__WHAT IS EXPECTED__:
Nothing in the data should be altered when it is repeated in full.
------------------------------------
definition is_mode :: "(nat \<Rightarrow> nat) \<Rightarrow> nat \<Rightarrow> bool" where
  "is_mode a i \<longleftrightarrow> (if i = 0 then 0 < a 0 else a (i - 1) < a i) \<and> (\<forall>j\<ge>i. a (Suc j) \<le> a j)"

definition mode :: "(nat \<Rightarrow> nat) \<Rightarrow> nat" where
  "mode a = (THE i. is_mode a i)"

end

theory Submission
  imports Defs
begin

(* Deleting a vertex v gives s_(k+1)(G) = s_(k+1)(G - v) + s_k(G - N[v]).  Applied at the
   tail vertices of T_(m,2) and at a vertex of C_m, with paths counted by binomials, it yields
   t_(k+1) = c_(k+1) + c_k + p_k, where c is the coefficient sequence of C_m and
   p_k = (m - k choose k) that of the path on m - 1 vertices.  Both sequences satisfy ratio
   identities  c_(k+1) (k+1) (m-k-1) = c_k (m-2k) (m-2k-1)  and
   p_(k+1) (k+1) (m-k) = p_k (m-2k) (m-2k-1),  whose ratios decrease in k.  Hence c rises
   strictly up to its mode r and falls afterwards, p rises whenever c rises one step later and
   falls whenever c falls.  So t rises strictly up to r and falls from r + 1 on, and its mode
   is r or r + 1. *)

definition closed_neighbourhood :: "'a set set \<Rightarrow> 'a \<Rightarrow> 'a set" where
  "closed_neighbourhood E v = insert v {u. {u, v} \<in> E}"

lemma indep_set_finite: "finite V \<Longrightarrow> indep_set V E S \<Longrightarrow> finite S"
  unfolding indep_set_def using finite_subset by blast

lemma indep_coeff_0:
  assumes "finite V" and "\<forall>e\<in>E. card e = 2"
  shows "indep_coeff V E 0 = 1"
proof -
  have "{S. indep_set V E S \<and> card S = 0} = {{}}"
    using assms indep_set_finite by (fastforce simp: indep_set_def)
  then show ?thesis by (simp add: indep_coeff_def)
qed

lemma indep_coeff_empty_Suc: "indep_coeff {} E (Suc k) = 0"
  by (simp add: indep_coeff_def indep_set_def)

lemma indep_set_insert_iff:
  assumes "v \<notin> S" and "\<forall>e\<in>E. card e = 2"
  shows "indep_set V E (insert v S) \<longleftrightarrow> v \<in> V \<and> indep_set (V - closed_neighbourhood E v) E S"
proof
  assume indep: "indep_set V E (insert v S)"
  have "u \<notin> S" if "{u, v} \<in> E" for u
    using indep that unfolding indep_set_def by (metis empty_subsetI insert_subset insert_mono)
  with indep assms(1) show "v \<in> V \<and> indep_set (V - closed_neighbourhood E v) E S"
    unfolding indep_set_def closed_neighbourhood_def by auto
next
  assume "v \<in> V \<and> indep_set (V - closed_neighbourhood E v) E S"
  then have v: "v \<in> V" and sub: "S \<subseteq> V - closed_neighbourhood E v"
    and indep: "\<forall>e\<in>E. \<not> e \<subseteq> S" unfolding indep_set_def by auto
  have "\<not> e \<subseteq> insert v S" if e: "e \<in> E" for e
  proof
    assume e_sub: "e \<subseteq> insert v S"
    show False
    proof (cases "v \<in> e")
      case True
      obtain u where "e = {u, v}"
        using assms(2) e True by (metis card_2_iff insert_commute insert_iff singletonD)
      moreover have "u \<noteq> v" using calculation assms(2) e by fastforce
      ultimately show False using e e_sub sub unfolding closed_neighbourhood_def by auto
    next
      case False
      then show False using indep e e_sub by blast
    qed
  qed
  then show "indep_set V E (insert v S)" using v sub unfolding indep_set_def by auto
qed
------------------------------------
__SOLUTION FOR THIS TASK__:
definition is_mode :: "(nat \<Rightarrow> nat) \<Rightarrow> nat \<Rightarrow> bool" where
  "is_mode a i \<longleftrightarrow> (if i = 0 then 0 < a 0 else a (i - 1) < a i) \<and> (\<forall>j\<ge>i. a (Suc j) \<le> a j)"

definition mode :: "(nat \<Rightarrow> nat) \<Rightarrow> nat" where
  "mode a = (THE i. is_mode a i)"

end

theory Submission
  imports Defs
begin

(* Deleting a vertex v gives s_(k+1)(G) = s_(k+1)(G - v) + s_k(G - N[v]).  Applied at the
   tail vertices of T_(m,2) and at a vertex of C_m, with paths counted by binomials, it yields
   t_(k+1) = c_(k+1) + c_k + p_k, where c is the coefficient sequence of C_m and
   p_k = (m - k choose k) that of the path on m - 1 vertices.  Both sequences satisfy ratio
   identities  c_(k+1) (k+1) (m-k-1) = c_k (m-2k) (m-2k-1)  and
   p_(k+1) (k+1) (m-k) = p_k (m-2k) (m-2k-1),  whose ratios decrease in k.  Hence c rises
   strictly up to its mode r and falls afterwards, p rises whenever c rises one step later and
   falls whenever c falls.  So t rises strictly up to r and falls from r + 1 on, and its mode
   is r or r + 1. *)

definition closed_neighbourhood :: "'a set set \<Rightarrow> 'a \<Rightarrow> 'a set" where
  "closed_neighbourhood E v = insert v {u. {u, v} \<in> E}"

lemma indep_set_finite: "finite V \<Longrightarrow> indep_set V E S \<Longrightarrow> finite S"
  unfolding indep_set_def using finite_subset by blast

lemma indep_coeff_0:
  assumes "finite V" and "\<forall>e\<in>E. card e = 2"
  shows "indep_coeff V E 0 = 1"
proof -
  have "{S. indep_set V E S \<and> card S = 0} = {{}}"
    using assms indep_set_finite by (fastforce simp: indep_set_def)
  then show ?thesis by (simp add: indep_coeff_def)
qed

lemma indep_coeff_empty_Suc: "indep_coeff {} E (Suc k) = 0"
  by (simp add: indep_coeff_def indep_set_def)

lemma indep_set_insert_iff:
  assumes "v \<notin> S" and "\<forall>e\<in>E. card e = 2"
  shows "indep_set V E (insert v S) \<longleftrightarrow> v \<in> V \<and> indep_set (V - closed_neighbourhood E v) E S"
proof
  assume indep: "indep_set V E (insert v S)"
  have "u \<notin> S" if "{u, v} \<in> E" for u
    using indep that unfolding indep_set_def by (metis empty_subsetI insert_subset insert_mono)
  with indep assms(1) show "v \<in> V \<and> indep_set (V - closed_neighbourhood E v) E S"
    unfolding indep_set_def closed_neighbourhood_def by auto
next
  assume "v \<in> V \<and> indep_set (V - closed_neighbourhood E v) E S"
  then have v: "v \<in> V" and sub: "S \<subseteq> V - closed_neighbourhood E v"
    and indep: "\<forall>e\<in>E. \<not> e \<subseteq> S" unfolding indep_set_def by auto
  have "\<not> e \<subseteq> insert v S" if e: "e \<in> E" for e
  proof
    assume e_sub: "e \<subseteq> insert v S"
    show False
    proof (cases "v \<in> e")
      case True
      obtain u where "e = {u, v}"
        using assms(2) e True by (metis card_2_iff insert_commute insert_iff singletonD)
      moreover have "u \<noteq> v" using calculation assms(2) e by fastforce
      ultimately show False using e e_sub sub unfolding closed_neighbourhood_def by auto
    next
      case False
      then show False using indep e e_sub by blast
    qed
  qed
  then show "indep_set V E (insert v S)" using v sub unfolding indep_set_def by auto
qed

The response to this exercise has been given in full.